The airport is situated approximately 220km/135m from the capital. And that was its main problem. While technically it was a good airport, with facilities to accommodate even the A380, it is too far from Madrid.

Madrid’s existing airport (Barajas) eventually got additional expansion work and other developments. This brought the too-distant Ciudad Real airport’s reason for being into doubt. And all this coincided with the 2008 financial crunch. The airport struggled on but failed in the spring of 2012, nearly six months after the last passenger flight left.

 

Ciudad Real’s rebirth

After years of sitting idle (the odd TV and film crew excepted), the airport eventually found a buyer. Ciudad Real would develop as an aircraft service and dismantling facility. It also sees use for general aviation aircraft and business jets. Some of these smaller aircraft carry visitors to local popular country estates, mainly for hunting.
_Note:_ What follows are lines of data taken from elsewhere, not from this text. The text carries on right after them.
lemma zbasis_mod_dual_exists:
  fixes W :: "(real^'n) set"
  assumes W: "rational_subspace W" and zb: "zbasis_mod W B" and u: "u \<in> B"
  shows "\<exists>m. m \<in> dualL W \<and> (\<forall>b\<in>B. m \<bullet> b = (if b = u then 1 else 0))"
proof -
  have sub: "subspace W" using W by (rule rational_subspace_subspace)
  have "axis j 1 \<in> Lam" for j :: 'n
    unfolding Lam_def axis_def by auto
  then have "\<forall>j. \<exists>a::real^'n \<Rightarrow> int. axis j 1 - (\<Sum>b\<in>B. of_int (a b) *\<^sub>R b) \<in> W"
    using zb unfolding zbasis_mod_def by blast
  then obtain a where a: "\<And>j. axis j 1 - (\<Sum>b\<in>B. of_int (a j b) *\<^sub>R b) \<in> W" by metis
  define m :: "real^'n" where "m = (\<chi> j. of_int (a j u))"
  note coord = inner_axis_coords_eq_coord[OF sub zb u a, folded m_def]
  have "m \<bullet> w = 0" if "w \<in> W \<inter> Lam" for w
    using coord[of w "\<lambda>_. 0"] that by simp
  then have "m \<bullet> w = 0" if "w \<in> W" for w
    using inner_zero_on_span[of "W \<inter> Lam" m w] W that unfolding rational_subspace_def by blast
  moreover have "m $ i \<in> \<int>" for i
    unfolding m_def by simp
  ultimately have "m \<in> dualL W"
    unfolding dualL_def by blast
  moreover have "m \<bullet> b = (if b = u then 1 else 0)" if b: "b \<in> B" for b
  proof -
    have "b - (\<Sum>b'\<in>B. of_int (if b' = b then 1 else 0::int) *\<^sub>R b') = 0"
      using b zbasis_mod_finite[OF zb] by (simp add: if_distrib[of "\<lambda>k. of_int k *\<^sub>R _"] cong: if_cong)
    then have "b - (\<Sum>b'\<in>B. of_int (if b' = b then 1 else 0::int) *\<^sub>R b') \<in> W"
      using subspace_0[OF sub] by simp
    then show ?thesis
      using coord[of b "\<lambda>b'. if b' = b then 1 else 0"] b zbasis_mod_subset_Lam[OF zb] by auto
  qed
  ultimately show ?thesis by blast
qed

definition dual_basis_vector :: "(real^'n) set \<Rightarrow> (real^'n) set \<Rightarrow> real^'n \<Rightarrow> real^'n" where
  "dual_basis_vector W B u = (SOME m. m \<in> dualL W \<and> (\<forall>b\<in>B. m \<bullet> b = (if b = u then 1 else 0)))"

lemma dual_basis_vector:
  assumes "rational_subspace W" "zbasis_mod W B" "u \<in> B"
  shows dual_basis_vector_dualL: "dual_basis_vector W B u \<in> dualL W"
    and inner_dual_basis_vector: "\<And>b. b \<in> B \<Longrightarrow> dual_basis_vector W B u \<bullet> b = (if b = u then 1 else 0)"
proof -
  have "dual_basis_vector W B u \<in> dualL W \<and> (\<forall>b\<in>B. dual_basis_vector W B u \<bullet> b = (if b = u then 1 else 0))"
    unfolding dual_basis_vector_def by (rule someI_ex) (rule zbasis_mod_dual_exists[OF assms])
  then show "dual_basis_vector W B u \<in> dualL W"
    "\<And>b. b \<in> B \<Longrightarrow> dual_basis_vector W B u \<bullet> b = (if b = u then 1 else 0)" by auto
qed

lemma dual_basis_vector_coordinate:
  assumes "rational_subspace W" "zbasis_mod W B" "U \<subseteq> B" "x - (\<Sum>u\<in>U. c u *\<^sub>R u) \<in> W" "b \<in> B"
  shows "dual_basis_vector W B b \<bullet> x = (if b \<in> U then c b else 0)"
proof -
  have fin: "finite U" using zbasis_mod_finite[OF assms(2)] assms(3) finite_subset by blast
  have "dual_basis_vector W B b \<bullet> x = dual_basis_vector W B b \<bullet> (\<Sum>u\<in>U. c u *\<^sub>R u)"
    by (rule dualL_inner_eq_mod[OF dual_basis_vector_dualL[OF assms(1,2,5)] assms(4)])
  also have "\<dots> = (\<Sum>u\<in>U. c u * (if u = b then 1 else 0))"
    using assms(3) by (simp add: inner_sum_right inner_dual_basis_vector[OF assms(1,2,5)] subset_iff)
  also have "\<dots> = (if b \<in> U then c b else 0)"
    using fin by (simp add: if_distrib cong: if_cong)
  finally show ?thesis .
qed

lemma zbasis_mod_not_in_subspace:
  assumes "rational_subspace W" "zbasis_mod W B" "u \<in> B"
  shows "u \<notin> W"
  using dualL_orthogonal[OF dual_basis_vector_dualL[OF assms]] inner_dual_basis_vector[OF assms assms(3)]
  by auto

text \<open>A positive multiple relation \<open>u \<equiv> \<beta> v\<close> between basis vectors of two lattice bases forces
  \<open>\<beta> = 1\<close>: pairing with the two dual vectors shows that both \<open>\<beta>\<close> and \<open>1/\<beta>\<close> are positive integers.\<close>
lemma zbasis_mod_positive_multiple_eq:
  assumes W: "rational_subspace W" and B: "zbasis_mod W B" "u \<in> B" and B': "zbasis_mod W B'" "v \<in> B'"
    and \<beta>: "\<beta> > 0" "u - \<beta> *\<^sub>R v \<in> W"
  shows "\<beta> = 1"
proof -
  have Ints_ge1: "(x::real) \<in> \<int> \<Longrightarrow> x > 0 \<Longrightarrow> x \<ge> 1" for x by (auto elim!: Ints_cases)
  define m where "m = dual_basis_vector W B' v"
  define m' where "m' = dual_basis_vector W B u"
  have m: "m \<in> dualL W" "m \<bullet> v = 1"
    unfolding m_def using dual_basis_vector[OF W B'] inner_dual_basis_vector[OF W B' B'(2)] by auto
  have m': "m' \<in> dualL W" "m' \<bullet> u = 1"
    unfolding m'_def using dual_basis_vector[OF W B] inner_dual_basis_vector[OF W B B(2)] by auto
  have uv: "u \<in> Lam" "v \<in> Lam" using B B' zbasis_mod_subset_Lam by blast+
  have "m \<bullet> u = \<beta>" using dualL_inner_eq_mod[OF m(1) \<beta>(2)] m(2) by simp
  then have "\<beta> \<ge> 1" using inner_dualL_Lam_Ints[OF m(1) uv(1)] \<beta>(1) Ints_ge1 by simp
  have prod: "\<beta> * (m' \<bullet> v) = 1" using dualL_inner_eq_mod[OF m'(1) \<beta>(2)] m'(2) by simp
  then have "m' \<bullet> v > 0" using \<beta>(1) zero_less_mult_pos by (metis zero_less_one)
  then have "m' \<bullet> v \<ge> 1" using inner_dualL_Lam_Ints[OF m'(1) uv(2)] Ints_ge1 by blast
  then have "\<beta> * 1 \<le> 1" using prod \<beta>(1) by (metis mult_left_mono less_imp_le)
  then show ?thesis using \<open>\<beta> \<ge> 1\<close> by simp
qed


section \<open>Cones modulo a subspace\<close>

lemma cone_mod_singleton_iff: "x \<in> cone_mod W {u} \<longleftrightarrow> (\<exists>t\<ge>0. x - t *\<^sub>R u \<in> W)"
  unfolding cone_mod_def by auto

lemma cone_mod_saturated:
  assumes "subspace W" "x \<in> cone_mod W U" "x - y \<in> W"
  shows "y \<in> cone_mod W U"
proof -
  obtain c where c: "\<forall>u\<in>U. c u \<ge> 0" "x - (\<Sum>u\<in>U. c u *\<^sub>R u) \<in> W"
    using assms(2) unfolding cone_mod_def by blast
  have "y - (\<Sum>u\<in>U. c u *\<^sub>R u) = (x - (\<Sum>u\<in>U. c u *\<^sub>R u)) - (x - y)" by simp
  also have "\<dots> \<in> W" using subspace_diff[OF assms(1) c(2) assms(3)] .
  finally show ?thesis using c(1) unfolding cone_mod_def by blast
qed

lemma cone_mod_singleton_subset:
  assumes "subspace W" "finite U" "u \<in> U"
  shows "cone_mod W {u} \<subseteq> cone_mod W U"
proof
  fix x assume "x \<in> cone_mod W {u}"
  then obtain t where t: "t \<ge> 0" "x - t *\<^sub>R u \<in> W" unfolding cone_mod_singleton_iff by blast
  show "x \<in> cone_mod W U" unfolding cone_mod_def
    by (rule CollectI, rule exI[of _ "\<lambda>u'. if u' = u then t else 0"])
       (use t sum_scaleR_delta[OF assms(2,3)] in auto)
qed

lemma generator_in_cone_mod:
  assumes "subspace W" "finite U" "u \<in> U"
  shows "u \<in> cone_mod W U"
proof -
  have "u \<in> cone_mod W {u}"
    unfolding cone_mod_singleton_iff by (rule exI[of _ 1]) (simp add: subspace_0[OF assms(1)])
  then show ?thesis using cone_mod_singleton_subset[OF assms] by blast
qed

lemma cone_mod_add_scaleR:
  assumes "subspace W" "y \<in> cone_mod W U" "u \<in> cone_mod W U" "t \<ge> 0"
  shows "y + t *\<^sub>R u \<in> cone_mod W U"
proof -
  obtain c where c: "\<forall>u\<in>U. c u \<ge> 0" "y - (\<Sum>u\<in>U. c u *\<^sub>R u) \<in> W"
    using assms(2) unfolding cone_mod_def by blast
  obtain e where e: "\<forall>u\<in>U. e u \<ge> 0" "u - (\<Sum>u\<in>U. e u *\<^sub>R u) \<in> W"
    using assms(3) unfolding cone_mod_def by blast
  have "(y - (\<Sum>u\<in>U. c u *\<^sub>R u)) + t *\<^sub>R (u - (\<Sum>u\<in>U. e u *\<^sub>R u)) \<in> W"
    by (rule subspace_add[OF assms(1) c(2) subspace_scale[OF assms(1) e(2)]])
  moreover have "(y - (\<Sum>u\<in>U. c u *\<^sub>R u)) + t *\<^sub>R (u - (\<Sum>u\<in>U. e u *\<^sub>R u))
      = (y + t *\<^sub>R u) - (\<Sum>u'\<in>U. (c u' + t * e u') *\<^sub>R u')"
    by (simp add: algebra_simps sum.distrib scaleR_sum_right)
  moreover have "\<forall>u'\<in>U. c u' + t * e u' \<ge> 0" using c(1) e(1) assms(4) by simp
  ultimately show ?thesis unfolding cone_mod_def by auto
qed

lemma cone_mod_singleton_cong:
  assumes "subspace W" "u - v \<in> W"
  shows "cone_mod W {u} = cone_mod W {v}"
proof -
  have "x - t *\<^sub>R u \<in> W \<longleftrightarrow> x - t *\<^sub>R v \<in> W" for x t
  proof -
    have "t *\<^sub>R (u - v) \<in> W" using assms subspace_scale by blast
    then show ?thesis using assms(1)
      by (metis (no_types, lifting) diff_add_cancel diff_diff_eq2 scaleR_diff_right subspace_add subspace_diff)
  qed
  then show ?thesis unfolding cone_mod_singleton_iff set_eq_iff by blast
qed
Not the kind of income source that can sustain such a large facility in itself.

Ciudad Real Airport Finds An Unorthodox Use

The airport site had plenty of space for service buildings and related facilities. It also had good space for parking, that would become necessary for storing aircraft for dismantling. But as soon as the pandemic hit, the airport got requests for storing operational aircraft. The aircraft that can’t fly in these difficult times, still need to be stored somewhere. And Europe doesn’t have vast desert spaces like those in the United States.

Ciudad Real aimed for the repair and logistics side of its business to bring 80% of its income. Currently though, 90% comes from parking. And the airport is profitable. It has 80 aircraft at the moment, but European airlines plan to ground more of them this winter. The same isn’t the case for many European airports. With income relying on aircraft movements, closed private airports have to struggle for survival.

Ciudad Real now hopes that its current income source will help them finish their longer-term projects. The crisis is far from over, but it looks like many airliners will continue to bask in the Spanish sun – on this and other airports as well.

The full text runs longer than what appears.